しかし、その結果、だれもが、「寝たきり」になるわけではありません。

東京都の調査によると、65歳以上の寝たきり老人は100人のうち1.5人くらい、準寝たきり老人を含めても3.6人くらいであり、それ以外の大半のお年寄りはふつうに暮らしています。

日本全国で「寝たきり率」は約2.2%にすぎません。

お年寄りに最後までできるだけ充実した人生を送ってもらうためには、お年寄りが持っている能力をできるだけ長く生かし、寝たきりを予防することがだいじです。

それには老化によって衰えるお年寄りのからだとその働き、そして年をとることによって生じるお年寄りの心理状態をよく把握し、あるときは励まし、あるときは手を貸しながら、お年寄りの生き方を尊重し応援していく周囲の努力が必要です。

ここでは、むずかしい老化の話は別として、年をとることで生じるお年寄りのからだとその働きの変化、そして心の状態について触れておきましょう。

ここで大切なのは、お年寄りの体力、心理状態などは、非常に個人差があるということです。

1人ひとりのお年寄りが長い人生を経験したなかで得たものは千差万別で、とても一般論ではおさまりきれません。

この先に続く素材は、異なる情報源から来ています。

section \<open>Covering G by F on sets of coordinates\<close>

text \<open>F covers G on S: every tuple of G agrees on the coordinates S with a tuple of F,
  i.e. the projection of G to S is contained in that of F.\<close>
definition covers :: "'a list set \<Rightarrow> 'a list set \<Rightarrow> nat set \<Rightarrow> bool" where
  "covers F G S \<longleftrightarrow> (\<forall>g\<in>G. \<exists>f\<in>F. \<forall>c\<in>S. f ! c = g ! c)"

lemma covers_if_proj_eq:
  assumes eq: "proj_set S F = proj_set S G"
  shows "covers F G S"
  unfolding covers_def
proof
  fix g assume "g \<in> G"
  then obtain f where "f \<in> F" "proj_tuple S f = proj_tuple S g"
    using eq unfolding proj_set_def by (metis imageE imageI)
  then show "\<exists>f\<in>F. \<forall>c\<in>S. f ! c = g ! c"
    unfolding proj_tuple_def by (metis restrict_apply')
qed

lemma covers_all_subset:
  assumes "covers F G {0..<m}" and "F \<subseteq> tuples A m" and "G \<subseteq> tuples A m"
  shows "G \<subseteq> F"
proof
  fix g assume g: "g \<in> G"
  then obtain f where "f \<in> F" "\<forall>c\<in>{0..<m}. f ! c = g ! c"
    using assms(1) by (auto simp: covers_def)
  moreover have "f = g"
    using calculation g assms(2,3) by (intro nth_equalityI) (auto simp: tuples_def)
  ultimately show "g \<in> F" by simp
qed

text \<open>The setting of the theorem, with a chosen k-edge term operation t.\<close>
locale edge_extension =
  fixes A :: "'a set" and Ops :: "(nat \<times> ('a list \<Rightarrow> 'a)) set" and k :: nat
    and t :: "'a list \<Rightarrow> 'a" and m :: nat and F G :: "'a list set"
  assumes alg: "is_algebra A Ops" and k_gt1: "k > 1"
    and t_term: "t \<in> term_ops Ops (k + 1)" and t_edge: "is_edge_op A k t"
    and F_sub: "subuniverse_pow A Ops m F" and G_tuples: "G \<subseteq> tuples A m" and F_G: "F \<subseteq> G"
    and small_proj: "\<forall>T. T \<subseteq> {0..<m} \<and> card T < k \<longrightarrow> proj_set T F = proj_set T G"
    and phi_incl: "\<forall>i<m. phi i G \<subseteq> phi i F"
begin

一般的な老化の特徴を把握したうえで、個々のお年寄りのからだと心の状況をとらえ、それに合った対応のしかたを考えることが必要です。

時間を見つけて体力チェックと体操を

お年寄りのお世話は精神的にも肉体的にもかなりの重労働です。

介護を続けるうちに腰痛や肩こりを訴える人が多くなります。

できれば時間を十分にとって軽い運動を続けることがいいのですが、できない場合には、ここであげるような姿勢チェックや簡単な体操を1日のうちに何回か時間を見つけて行うと、かなり有効です。


・腰痛対策・

動作を行うときの姿勢によって腰痛の発症頻度にかなりの差があります。

たとえば物を持ち上げるときは、必ずひざを曲げて体重ごと下に移してから持ち上げると腰への負担が少なくてすみます。

お年寄りの体位変換、あるいは起き上がりの介助なども、手先で行おうとせず、からだ全体で重心を移動するようにして行うと、力のかけ方が少しですみます。

お世話するときのベッドの高さは高めがよく、お世話の内容によっては椅子に腰かけたりしゃがんだりして腰の位置を低くしておくことです。


・肩こり対策・

精神的な緊張が肩こりをいっそう悪くします。

気持ちをリラックスさせ、大きく深呼吸して物事に対処しましょう。

肩の上げ下げ、首まわし、腕まわしなどは、チャンスを見つけては行いたい体操です。

歩きながらでも家事の合間でも心がけて取り入れてみましょう。

血液の循環がよくなる入浴後に、いろいろ動かしてみるのも有効です。